Stage 6: Guijuelo to Caceres, 175km, flat
At first glance this looks like a straightforward sprinters’ day. However, this is the Vuelta and while the run-in to the finish is hardly a climb, it is sufficiently uphill to favour the strong-men over the pure sprinters. We will probably still see a bunch sprint, but there’s just enough vertical gain to give late attackers a chance too.
The race is now coming into Extremadura, which means that the heat could prove to be a factor – no coastal breezes today! The finish is through the World Heritage city of Caceres and, with the sprint teams having their tails up after yesterday’s charge to the line, this should be a fast stage.

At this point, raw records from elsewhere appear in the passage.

definition bob_share ::
  "'q::prime_card mod_ring \<times> ('q mod_ring \<times> 'q mod_ring) list \<Rightarrow> ('q mod_ring \<times> 'q mod_ring) list" where
  "bob_share ole = snd ole"

definition msg_c :: "(bool list \<Rightarrow> 'q::prime_card mod_ring) \<Rightarrow> bool list \<Rightarrow> 'q mod_ring \<Rightarrow> 'q mod_ring" where
  "msg_c H x sA = sA - H x"

definition msgs_d :: "(bool list \<Rightarrow> 'q::prime_card mod_ring) \<Rightarrow> bool list list \<Rightarrow>
    ('q mod_ring \<times> 'q mod_ring) list \<Rightarrow> 'q mod_ring \<Rightarrow> 'q mod_ring list" where
  "msgs_d H ys bs c = map (\<lambda>(y, (sB, rB)). (c + H y + sB) / rB) (zip ys bs)"

definition alice_output :: "bool list \<Rightarrow> bool list list \<Rightarrow> bool list" where
  "alice_output x ys = map (\<lambda>y. x = y) ys"

definition bob_view :: "(bool list \<Rightarrow> 'q::prime_card mod_ring) \<Rightarrow> nat \<Rightarrow> bool list \<Rightarrow> bool list list \<Rightarrow>
    (bool list list \<times> ('q mod_ring \<times> 'q mod_ring) list \<times> 'q mod_ring) pmf" where
  "bob_view H \<beta> x ys = map_pmf (\<lambda>ole. (ys, bob_share ole, msg_c H x (fst ole))) (ole_gen \<beta>)"

definition alice_view :: "(bool list \<Rightarrow> 'q::prime_card mod_ring) \<Rightarrow> nat \<Rightarrow> bool list \<Rightarrow> bool list list \<Rightarrow>
    (bool list \<times> ('q mod_ring \<times> 'q mod_ring list) \<times> 'q mod_ring list) pmf" where
  "alice_view H \<beta> x ys = map_pmf (\<lambda>ole. (x, alice_share ole,
       msgs_d H ys (bob_share ole) (msg_c H x (fst ole)))) (ole_gen \<beta>)"

end

theory Submission
  imports Defs
begin

(* Bob only sees c = s_A - H(x), which the uniform s_A masks perfectly and independently of his
   share. On Alice's side, s_{B,j} masks s_A, so r_{A,j} = (s_A + s_{B,j}) / r_{B,j} is uniform and
   independent of r_{B,j}. Hence d_j = r_{A,j} + (H(y_j) - H(x)) / r_{B,j} is r_{A,j} itself when
   x = y_j, and otherwise r_{A,j} plus a uniform nonzero element independent of Alice's share;
   since the coordinates are independent, her view is simulated coordinatewise from her output. *)

fun seq_pmf :: "'a pmf list \<Rightarrow> 'a list pmf" where
  "seq_pmf [] = return_pmf []"
| "seq_pmf (p # ps) = do { x \<leftarrow> p; xs \<leftarrow> seq_pmf ps; return_pmf (x # xs) }"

As yesterday, don’t expect Astana to work overly hard to defend Vincenzo Nibali‘s race lead – they’ll be happy to kick back and let the sprinters’ teams to the heavy lifting again. Today’s lumpy bits are relatively benign, so don’t expect the peloton to exert themselves overly until the closing kilometres. The final 7km averages 1.6%, but this includes a fairly sharp kick-up just inside 4km which will feel like hitting a wall to the speeding bunch. And then the final 2.5km features three roundabouts followed by a sharp right bend and then a sharp left at about 600 metres. Routine bunch sprint? I doubt it. Look for the same suspects we have seen feature over the last two days to be at the sharp end again. What price Orica-GreenEDGE’s Michael Matthews producing a repeat performance of yesterday’s victory?
Bit of trivia: The Vuelta has been the most moveable of feasts, jumping around the racing calendar from April to August and everything in between since its inception in 1935. It has held its current position at the end of August since 1995.